Use your browser's "print" button to print out this recipe in a 3 x 5 format.
Use your browser's "back" button to return

- Side One - Cut Out Below -
-----------------------------------------------------------------------------------------------------------------------------------

Black Bean and Sweet Potato Quesadillas
  • 1-16 ounce can vegetarian refried black beans (look for a brand that is low in fat and does not contain any lard)
  • 1/2 to whole 4 ounce can of diced green chilis (or type and amount of your favorite chili peppers, to taste for your family)
  • 1 large (or 2 small) sweet potatoes (bake until soft, peel, and mash)
  • 1/2 to 1 teaspoon ground cumin
  • shredded low-fat or soy cheddar cheese
  • shredded chicken breast (optional) – can do this ahead of time, refrigerate and have ready to use
  • low-fat tortillas 8-12 (depending on size)
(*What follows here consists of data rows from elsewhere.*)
text \<open>After a translation by a point \<open>x\<^sub>0\<close> of \<open>\<bbbF>\<^sub>Q\<close>, the \<open>Q\<close>-Frobenius acts on a root \<open>z\<close>
  of \<open>N\<close> as multiplication by \<open>w(z)\<close>: \<open>z\<^sup>Q + \<beta> = w(z - \<gamma>)\<close> and
  \<open>x\<^sub>0 = (\<beta> + w\<gamma>)/(w - 1)\<close> is the fixed point of this affine relation.\<close>

lemma twisted_frobenius:
  assumes "aeval N z = 0"
  obtains x0 where "x0 ^ Q = x0" "(z - x0) ^ Q = w_of z * (z - x0)"
proof -
  define w where "w = w_of z"
  have fw: "aeval f w = 0"
    using root_N_w_of[OF assms] by (simp add: w_def)
  have wQ: "w ^ Q = w"
    using root_f_power_Q[OF fw] .
  have "w \<noteq> 1"
    using root_f_primitive[OF fw, of 1] Q_ge_3 by auto
  define x0 where "x0 = (to_ac \<beta> + w * to_ac \<gamma>) / (w - 1)"
  have x0: "x0 * (w - 1) = to_ac \<beta> + w * to_ac \<gamma>"
    using \<open>w \<noteq> 1\<close> by (simp add: x0_def)
  have "(to_ac \<beta> + w * to_ac \<gamma>) ^ Q = to_ac \<beta> + w * to_ac \<gamma>"
    by (simp add: Q_def frobenius_add[OF CHAR_alg_closure] power_mult_distrib
        to_ac_power_card_power wQ[unfolded Q_def])
  moreover have "(w - 1) ^ Q = w - 1"
    by (simp add: Q_def frobenius_diff[OF CHAR_alg_closure] wQ[unfolded Q_def])
  ultimately have "x0 ^ Q = x0"
    by (simp add: x0_def power_divide)
  moreover have "z ^ Q = w * (z - to_ac \<gamma>) - to_ac \<beta>"
    using root_N_ne_gamma[OF assms] by (simp add: w_def w_of_def)
  hence "(z - x0) ^ Q = w * (z - x0)"
    using \<open>x0 ^ Q = x0\<close> x0
    by (simp add: Q_def frobenius_diff[OF CHAR_alg_closure] algebra_simps)
  ultimately show ?thesis
    using that by (simp add: w_def)
qed

text \<open>If \<open>z \<notin> \<bbbF>\<^sub>Q\<close> is a root of \<open>N\<close> with Frobenius period \<open>d = n j\<close>, then \<open>z - x\<^sub>0\<close> is
  fixed by the \<open>Q\<^sup>j\<close>-Frobenius, which multiplies it by \<open>w\<^sup>j\<close>; so \<open>w\<^sup>j = 1\<close> and
  \<open>Q - 1 dvd j\<close>, i.e.\ \<open>d \<ge> n(Q - 1)\<close>.\<close>

lemma factor_degree_root_outside_FQ:
  assumes g: "irreducible g" "aeval g z = 0" and Nz: "aeval N z = 0" and zQ: "z ^ Q \<noteq> z"
  shows "n * (Q - 1) \<le> degree g"
proof -
  have "g \<noteq> 0"
    using g(1) by auto
  then obtain d where d: "1 \<le> d" "d \<le> degree g" "z ^ (card (UNIV :: 'a set) ^ d) = z"
    using frobenius_period g(2) by blast
  obtain j where j: "d = n * j"
    using frobenius_period_multiple[OF Nz d(3)] by (elim dvdE)
  have zj: "z ^ (Q ^ j) = z"
    using d(3) by (simp add: Q_def j power_mult)
  define w where "w = w_of z"
  have fw: "aeval f w = 0"
    using root_N_w_of[OF Nz] by (simp add: w_def)
  obtain x0 where x0: "x0 ^ Q = x0" "(z - x0) ^ Q = w * (z - x0)"
    using twisted_frobenius[OF Nz] by (auto simp: w_def)
  have wQ: "w ^ Q = w"
    using root_f_power_Q[OF fw] .
  have "(z - x0) ^ (Q ^ j) = z ^ (Q ^ j) - x0 ^ (Q ^ j)"
    by (simp add: Q_def frobenius_diff[OF CHAR_alg_closure] flip: power_mult)
  also have "\<dots> = z - x0"
    using zj power_power_fixed[OF x0(1)] by simp
  finally have "w ^ j * (z - x0) = z - x0"
    using power_power_twisted[OF x0(2) wQ] by simp
  moreover have "z \<noteq> x0"
    using x0(1) zQ by auto
  ultimately have "w ^ j = 1"
    by simp
  moreover have "j \<noteq> 0"
    using d(1) j by auto
  ultimately have "Q - 1 dvd j"
    using Q_ge_3 by (intro order_dvd_exponent[OF root_f_power[OF fw] root_f_primitive[OF fw]]) simp_all
  hence "Q - 1 \<le> j"
    using \<open>j \<noteq> 0\<close> by (simp add: dvd_imp_le)
  hence "n * (Q - 1) \<le> d"
    using j by simp
  thus ?thesis
    using d(2) by simp
qed
lemma density_variance_decay:
  fixes u :: "nat \<Rightarrow> nat \<Rightarrow> real"
  assumes step: "\<And>m i. i \<le> n \<Longrightarrow> u (Suc m) i = K (u m) i"
    and mean: "\<And>m. (\<Sum>i\<le>n. \<mu> i * u m i) = 1"
  shows "sqnorm (\<lambda>i. u m i - 1) \<le> (\<beta>^2)^m * (2 * dirichlet (u 0)) / (1 - \<beta>^2)"
proof -
  define C where "C = real n * (\<Sum>k<n. 1 / cond k)"
  have "0 \<le> C"
    unfolding C_def using cond_pos by (intro mult_nonneg_nonneg sum_nonneg) (auto simp: less_imp_le)
  have loss: "sqnorm (\<lambda>i. u m i - 1) - sqnorm (\<lambda>i. u (Suc m) i - 1) \<le> 2 * dirichlet (u m)" for m
  proof -
    have "sqnorm (\<lambda>i. u (Suc m) i - 1) = sqnorm (K (\<lambda>i. u m i - 1))"
      unfolding sqnorm_def K_minus_const by (intro sum.cong refl) (simp add: step)
    then show ?thesis
      using sqnorm_minus_sqnorm_K_le[of "\<lambda>i. u m i - 1"] by (simp add: dirichlet_minus_const)
  qed
  have contraction: "2 * dirichlet (u (Suc m)) \<le> \<beta>^2 * (2 * dirichlet (u m))" for m
    using dirichlet_K_le[of "u m"] dirichlet_cong[of "u (Suc m)" "K (u m)"] step by simp
  have domination: "sqnorm (\<lambda>i. u m i - 1) \<le> C * (2 * dirichlet (u m))" for m
  proof -
    have "(\<Sum>i\<le>n. \<mu> i * (u m i - 1)) = 0"
      using mean[of m] sum_\<mu> by (simp add: algebra_simps sum_subtractf)
    then have "sqnorm (\<lambda>i. u m i - 1) \<le> C * dirichlet (u m)"
      using crude_Poincare[of "\<lambda>i. u m i - 1"] by (simp add: C_def dirichlet_minus_const)
    also have "\<dots> \<le> C * (2 * dirichlet (u m))"
      using \<open>0 \<le> C\<close> dirichlet_nonneg by (intro mult_left_mono) auto
    finally show ?thesis .
  qed
  show ?thesis
    using \<beta>_square_less_1 \<open>0 \<le> C\<close> loss contraction domination
    by (intro telescoping_geometric_bound) simp_all
qed

subsection \<open>Mixing bound\<close>

lemma BL_pi_eq: "BL_pi (2*n) i = \<mu> i"
  by (simp add: BL_pi_def \<mu>_def)

lemma BL_T_eq:
  assumes "i \<le> n" "k \<le> n"
  shows "BL_T (2*n) i k =
    (if i = Suc k then p k else if k = Suc i then q k else if i = k then 1 - p k - q k else 0)"
proof -
  have "BL_p (2*n) l = p l" "BL_q (2*n) l = q l" for l
    using n_pos by (simp_all add: BL_p_def BL_q_def p_def q_def power2_eq_square field_simps)
  then show ?thesis
    using assms by (simp add: BL_T_def)
qed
- Side Two- Cut Out Below -
-----------------------------------------------------------------------------------------------------------------------------------

Black Bean and Sweet Potato Quesadillas (cont.)

Directions:

Mix refried beans, chilis, sweet potatoes, and cumin together. Assemble quesadillas by spreading about 1/3 cup or so on one tortilla, sprinkle about 1 tbsp of cheese on top of bean/potato mixture, add 1-2 tablespoons of shredded chicken if desired, top with second tortilla, and cook on non-stick or lightly oiled griddle until tortillas are lightly browned and insides are hot (be careful not to burn).

Serve with a variety of salsas, guacamole, some low-fat chips, and fresh fruit for a quick, filling, and easy supper or lunch.

This will serve 4 generously and could feed 5-6 if no one is a huge eater.